2007-10-18

What's in a mattress? A Canadian entrepreneur makes you realize more than you think.

For about six months now, my colleague has been doing some internet marketing work for a mattress company. Up until recently, little did I know that the owner of the company is someone I’ve known for a very long time.

It turns out that the mystery friend invented an eco-friendly mattress. Naturally, this struck me as a good entrepreneurial story.

His company Essentia was located not too far from where I live (and where we grew up) and so following week I paid him a visit.

Here’s what I found out about this interesting mattress concept:

-Conventional mattresses emit toxins in two ways: the chemical glue used to piece together a mattress and the chemical used to increase the foam’s expansion.

It is a water-based natural memory foam that has shown to breathe 80% better than the average mattress. Its chemical model fuses foam and latex together without the use of glue. Rather, it chooses to mold each unit individually in its own casing. The process is completely free of toxins.
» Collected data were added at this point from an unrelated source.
lemma lap_eigenvalue_iff_real_eigenvector:
  "lap_eigenvalue V E \<mu> \<longleftrightarrow> (\<exists>f. real_eigenvector N (walk_matrix V E g) (1 - \<mu>) f)"
proof
  assume "lap_eigenvalue V E \<mu>"
  then obtain F where nz: "\<exists>v\<in>V. F v \<noteq> 0" and eig: "\<forall>v\<in>V. norm_lap V E F v = \<mu> * F v"
    unfolding lap_eigenvalue_def by blast
  have "\<exists>i<N. F (g i) \<noteq> 0"
    using nz enum by (auto simp: bij_betw_def)
  moreover have "(\<Sum>j<N. walk_matrix V E g i j * F (g j)) = (1 - \<mu>) * F (g i)" if "i < N" for i
    using sum_walk_matrix[OF that, of F] eig that enum
    by (auto simp: norm_lap_def bij_betw_def algebra_simps)
  ultimately show "\<exists>f. real_eigenvector N (walk_matrix V E g) (1 - \<mu>) f"
    unfolding real_eigenvector_def by (intro exI[of _ "\<lambda>i. F (g i)"]) blast
next
  assume "\<exists>f. real_eigenvector N (walk_matrix V E g) (1 - \<mu>) f"
  then obtain f where f: "real_eigenvector N (walk_matrix V E g) (1 - \<mu>) f" ..
  define F where "F v = f (inv_into {..<N} g v)" for v
  have F_g: "F (g j) = f j" if "j < N" for j
    unfolding F_def using enum that by (simp add: bij_betw_inv_into_left)
  have "\<exists>v\<in>V. F v \<noteq> 0"
    using f F_g enum unfolding real_eigenvector_def by (metis bij_betwE lessThan_iff)
  moreover have "norm_lap V E F v = \<mu> * F v" if "v \<in> V" for v
  proof -
    have "v \<in> g ` {..<N}" using that enum by (simp add: bij_betw_def)
    then obtain i where i: "i < N" "v = g i" by blast
    have "(\<Sum>u\<in>nbrs V E v. F u) / real (deg V E v) = (\<Sum>j<N. walk_matrix V E g i j * f j)"
      using sum_walk_matrix[OF i(1), of F] F_g i by simp
    also have "\<dots> = (1 - \<mu>) * F v"
      using f i F_g unfolding real_eigenvector_def by simp
    finally show ?thesis by (simp add: norm_lap_def algebra_simps)
  qed
  ultimately show "lap_eigenvalue V E \<mu>"
    unfolding lap_eigenvalue_def by blast
qed

lemma walk_matrix_le:
  fixes d :: real
  assumes deg_ge: "\<And>v. v \<in> V \<Longrightarrow> d \<le> deg V E v" and "0 < d" and "i < N"
  shows "walk_matrix V E g i j \<le> 1 / d"
proof -
  have "g i \<in> V" using enum \<open>i < N\<close> by (auto simp: bij_betw_def)
  then have "1 / real (deg V E (g i)) \<le> 1 / d"
    using deg_ge[of "g i"] \<open>0 < d\<close> by (intro divide_left_mono) auto
  then show ?thesis using \<open>0 < d\<close> by (simp add: walk_matrix_def)
qed

lemma spectral_eps_le:
  assumes "\<exists>f. real_eigenvector N (walk_matrix V E g) e f"
  shows "spectral_eps V E \<le> \<bar>e\<bar>"
proof -
  let ?S = "{\<bar>1 - \<mu>\<bar> | \<mu>. lap_eigenvalue V E \<mu>}"
  have "?S \<subseteq> (\<lambda>z. \<bar>Re z\<bar>) ` {z. eigenvalue (complex_mat_of N (walk_matrix V E g)) z}"
    by (force simp: lap_eigenvalue_iff_real_eigenvector
        eigenvalue_of_real_iff_real_eigenvector[symmetric])
  then have "finite ?S"
    using finite_eigenvalues[OF complex_mat_of_carrier] finite_subset by blast
  moreover have "\<bar>e\<bar> \<in> ?S"
    using assms lap_eigenvalue_iff_real_eigenvector[of "1 - e"] by force
  ultimately show ?thesis unfolding spectral_eps_def by simp
qed

end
-Ordinary mattresses don’t provide the support your back needs.


Essentia attains the perfect foam density that allows the mattress to become an extension of the body through an organic or natural process. The benefit to achieving support and compliance for the back is that it increases blood-flow, thus relieving pressure points in the body.



Furthermore, Essentia mattresses are anti-everything - from anti-odour to anit-static to anti-microbial, thanks to the benefits of Sanicare and purifying properties of Lyocell.
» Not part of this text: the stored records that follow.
(* For every integer $n\ge 2$, the configuration $\mathit{DCD}(n)$ is isomorphic (as a combinatorial incidence structure) to the combinatorial configuration $N(O_n)$ obtained by the $V$-construction from the Odd graph $O_n$.
   Context: $\mathit{DCD}(n)$ (Desargues–Cayley–Danzer configuration): take $2n-1$ hyperplanes in general position (no more than $n$ of them through a common point) in $n$-dimensional projective space. Each $n$ of them meet in a point and each $n-1$ of them meet in a line; the points and lines are thus labelled by the $n$-element and the $(n-1)$-element subsets of a $(2n-1)$-element set, and a point is incident with a line iff the label of the line is contained in the label of the point. As a combinatorial incidence structure, $\mathit{DCD}(n)$ has as points the $n$-subsets and as lines the $(n-1)$-subsets of $\{1,\dots,2n-1\}$, with incidence given by containment. The Odd graph $O_n$ is the Kneser graph $K(2n-1,n-1)$: its vertices are the $(n-1)$-subsets of a $(2n-1)$-element set, two being adjacent iff they are disjoint. $V$-construction: for a regular graph $G$, let $N(v)$ denote the set of neighbours of a vertex $v$. $G$ is admissible if no two distinct vertices have the same neighbourhood. For admissible $G$, $N(G)$ is the incidence structure whose points are the vertices of $G$, whose blocks are the sets $N(v)$, $v\in V(G)$, and with incidence given by membership. Two incidence structures are isomorphic if there are bijections between their point sets and between their block sets preserving incidence. *)

theory Defs
  imports Main
begin

type_synonym ('p, 'b) incidence_structure = "'p set \<times> 'b set \<times> ('p \<Rightarrow> 'b \<Rightarrow> bool)"

definition inc_points :: "('p, 'b) incidence_structure \<Rightarrow> 'p set" where
  "inc_points S = fst S"
definition inc_blocks :: "('p, 'b) incidence_structure \<Rightarrow> 'b set" where
  "inc_blocks S = fst (snd S)"
definition inc_rel :: "('p, 'b) incidence_structure \<Rightarrow> 'p \<Rightarrow> 'b \<Rightarrow> bool" where
  "inc_rel S = snd (snd S)"

definition inc_iso ::
  "('p, 'b) incidence_structure \<Rightarrow> ('q, 'c) incidence_structure \<Rightarrow> bool" where
  "inc_iso S T \<longleftrightarrow> (\<exists>f g. bij_betw f (inc_points S) (inc_points T)
      \<and> bij_betw g (inc_blocks S) (inc_blocks T)
      \<and> (\<forall>p\<in>inc_points S. \<forall>b\<in>inc_blocks S. inc_rel S p b \<longleftrightarrow> inc_rel T (f p) (g b)))"

definition DCD :: "nat \<Rightarrow> (nat set, nat set) incidence_structure" where
  "DCD n = ({P. P \<subseteq> {1..2*n-1} \<and> card P = n},
            {L. L \<subseteq> {1..2*n-1} \<and> card L = n - 1},
            (\<lambda>P L. L \<subseteq> P))"

type_synonym 'a graph = "'a set \<times> ('a \<Rightarrow> 'a \<Rightarrow> bool)"

definition gverts :: "'a graph \<Rightarrow> 'a set" where "gverts G = fst G"
definition gadj :: "'a graph \<Rightarrow> 'a \<Rightarrow> 'a \<Rightarrow> bool" where "gadj G = snd G"

definition nbhd :: "'a graph \<Rightarrow> 'a \<Rightarrow> 'a set" where
  "nbhd G v = {u \<in> gverts G. gadj G v u}"

definition admissible :: "'a graph \<Rightarrow> bool" where
  "admissible G \<longleftrightarrow> inj_on (nbhd G) (gverts G)"

definition V_construction :: "'a graph \<Rightarrow> ('a, 'a set) incidence_structure" where
  "V_construction G = (gverts G, nbhd G ` gverts G, (\<lambda>p b. p \<in> b))"

definition odd_graph :: "nat \<Rightarrow> nat set graph" where
  "odd_graph n = ({A. A \<subseteq> {1..2*n-1} \<and> card A = n - 1},
                  (\<lambda>A B. A \<inter> B = {}))"

end

theory Submission
  imports Defs
begin

text \<open>Complementation in the ground set maps the points of DCD(n) onto the vertices of
  the Odd graph, and a line L lies in a point P exactly when L is disjoint from the
  complement of P, i.e. adjacent to it in O_n. Since O_n is admissible, each vertex L is
  recovered from its neighbourhood, so lines correspond to blocks N(L).\<close>

definition kneser_graph :: "'a set \<Rightarrow> nat \<Rightarrow> 'a set graph" where
  "kneser_graph U k = ({A. A \<subseteq> U \<and> card A = k}, (\<lambda>A B. A \<inter> B = {}))"

lemma odd_graph_eq_kneser_graph: "odd_graph n = kneser_graph {1..2*n-1} (n - 1)"
  by (simp add: odd_graph_def kneser_graph_def)

lemma bij_betw_complement_card:
  assumes "finite U" "k \<le> card U"
  shows "bij_betw (\<lambda>A. U - A) {A. A \<subseteq> U \<and> card A = k}
           {A. A \<subseteq> U \<and> card A = card U - k}"
proof (rule bij_betw_byWitness[where f' = "\<lambda>A. U - A"])
  have card_compl: "card (U - A) = card U - card A" if "A \<subseteq> U" for A
    using that assms(1) finite_subset card_Diff_subset by blast
  show "(\<lambda>A. U - A) ` {A. A \<subseteq> U \<and> card A = k} \<subseteq> {A. A \<subseteq> U \<and> card A = card U - k}"
    using card_compl by auto
  show "(\<lambda>A. U - A) ` {A. A \<subseteq> U \<and> card A = card U - k} \<subseteq> {A. A \<subseteq> U \<and> card A = k}"
    using card_compl assms(2) by (auto simp: double_diff)
qed auto

lemma admissible_kneser_graph:
  assumes "finite U" "1 \<le> k" "2 * k < card U"
  shows "admissible (kneser_graph U k)"
  unfolding admissible_def
proof (rule inj_onI, rule ccontr)
  let ?G = "kneser_graph U k"
  fix A B
  assume A: "A \<in> gverts ?G" and B: "B \<in> gverts ?G"
    and same_nbhd: "nbhd ?G A = nbhd ?G B" and "A \<noteq> B"
  have "A \<subseteq> U" "B \<subseteq> U" "card A = k" "card B = k"
    using A B by (auto simp: kneser_graph_def gverts_def)
  then have "\<not> A \<subseteq> B"
    using \<open>A \<noteq> B\<close> assms(1) finite_subset card_subset_eq by metis
  then obtain x where "x \<in> A" "x \<notin> B" by blast
  have "card (U - B) = card U - k"
    using \<open>B \<subseteq> U\<close> \<open>card B = k\<close> assms(1) by (simp add: card_Diff_subset finite_subset)
  moreover have "x \<in> U - B"
    using \<open>x \<in> A\<close> \<open>x \<notin> B\<close> \<open>A \<subseteq> U\<close> by blast
  ultimately have "card (U - B - {x}) = card U - k - 1"
    by simp
  then have "k - 1 \<le> card (U - B - {x})"
    using assms(3) by linarith
  then obtain D where D: "D \<subseteq> U - B - {x}" "card D = k - 1" "finite D"
    by (rule obtain_subset_with_card_n)
  \<comment> \<open>a \<open>k\<close>-set disjoint from \<open>B\<close> but meeting \<open>A\<close>; it exists because \<open>2k < |U|\<close>\<close>
  define C where "C = insert x D"
  have "x \<notin> D"
    using D(1) by blast
  have "C \<subseteq> U" "card C = k" "C \<inter> B = {}"
    using D \<open>x \<notin> D\<close> \<open>x \<in> A\<close> \<open>A \<subseteq> U\<close> \<open>x \<notin> B\<close> assms(2) by (auto simp: C_def)
  then have "C \<in> nbhd ?G B"
    by (auto simp: nbhd_def kneser_graph_def gverts_def gadj_def)
  moreover have "C \<notin> nbhd ?G A"
    using \<open>x \<in> A\<close> by (auto simp: C_def nbhd_def kneser_graph_def gadj_def)
  ultimately show False
    using same_nbhd by simp
qed

lemma inc_iso_V_construction:
  assumes "admissible G"
    and "bij_betw f P (gverts G)" and "bij_betw h B (gverts G)"
    and "\<And>p b. p \<in> P \<Longrightarrow> b \<in> B \<Longrightarrow> I p b \<longleftrightarrow> gadj G (h b) (f p)"
  shows "inc_iso (P, B, I) (V_construction G)"
proof -
  have "bij_betw (nbhd G) (gverts G) (nbhd G ` gverts G)"
    using assms(1) by (simp add: admissible_def inj_on_imp_bij_betw)
  then have "bij_betw (nbhd G \<circ> h) B (nbhd G ` gverts G)"
    using assms(3) bij_betw_trans by blast
  moreover have "I p b \<longleftrightarrow> f p \<in> (nbhd G \<circ> h) b" if "p \<in> P" "b \<in> B" for p b
    using that assms(2,4) bij_betwE by (fastforce simp: nbhd_def)
  ultimately show ?thesis
    using assms(2)
    unfolding inc_iso_def V_construction_def inc_points_def inc_blocks_def inc_rel_def
    by (intro exI[of _ f] exI[of _ "nbhd G \<circ> h"]) auto
qed

theorem theorem3p4:
  fixes n :: nat
  assumes "n \<ge> 2"
  shows "inc_iso (DCD n) (V_construction (odd_graph n))"
proof -
  let ?U = "{1..2*n-1::nat}"
  let ?G = "kneser_graph ?U (n - 1)"
  have "admissible ?G"
    using assms by (intro admissible_kneser_graph) auto
  moreover have "bij_betw (\<lambda>P. ?U - P) {P. P \<subseteq> ?U \<and> card P = n} (gverts ?G)"
    using bij_betw_complement_card[of ?U n] assms
    by (simp add: kneser_graph_def gverts_def)
  moreover have "bij_betw id {L. L \<subseteq> ?U \<and> card L = n - 1} (gverts ?G)"
    by (simp add: kneser_graph_def gverts_def bij_betw_id)
  moreover have "L \<subseteq> P \<longleftrightarrow> gadj ?G (id L) (?U - P)"
    if "P \<in> {P. P \<subseteq> ?U \<and> card P = n}" "L \<in> {L. L \<subseteq> ?U \<and> card L = n - 1}" for P L
    using that by (auto simp: kneser_graph_def gadj_def)
  ultimately have "inc_iso (DCD n) (V_construction ?G)"
    unfolding DCD_def by (rule inc_iso_V_construction)
  then show ?thesis
    by (simp add: odd_graph_eq_kneser_graph)
qed

end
-Last, each mattress is handcrafted and engineered carefully.

My friend is an entrepreneur who spent quite a bit of time and money researching and producing a green mattress that was predicated on providing optimum comfort.

I also came out with a brief history lesson – something I always enjoy. I asked him if the concept of a hard bed being good for one’s back was an urban myth. It is. Apparently it is.

The prevailing belief in the 1960s was to make soft mattresses. When that was found to be impractical, the trend reversed itself in the 1970s and 80s to produce hard mattresses. Neither type of mattress was the best recipe. Is “Essentia” the new mattress-paradigm of the 21st century?

It may very well be. I did some snooping around – talking to interior decorators, general contractors, etc. In other words, people who have the ear to the ground when it comes to what people are buying – and found out that a few people had purchased the mattress and were ecstatic about the product. One person even wrote to Jack about the mattresses’ apparent role in helping to cure her insomnia!

After our conversation, it was time to check out the mattress. He first showed me the foam itself. It felt like pizza dough. Aside from having the urge to slap some basil on the sucker, I then lay down on the bed. I almost fell asleep as he spoke - which is surprising given my history of insomnia.

Essentia shows just how far eco-entrepreneurship can go. Clearly, Canadian entrepreneurs are alive and well ready to tackle and change the world even with mattresses.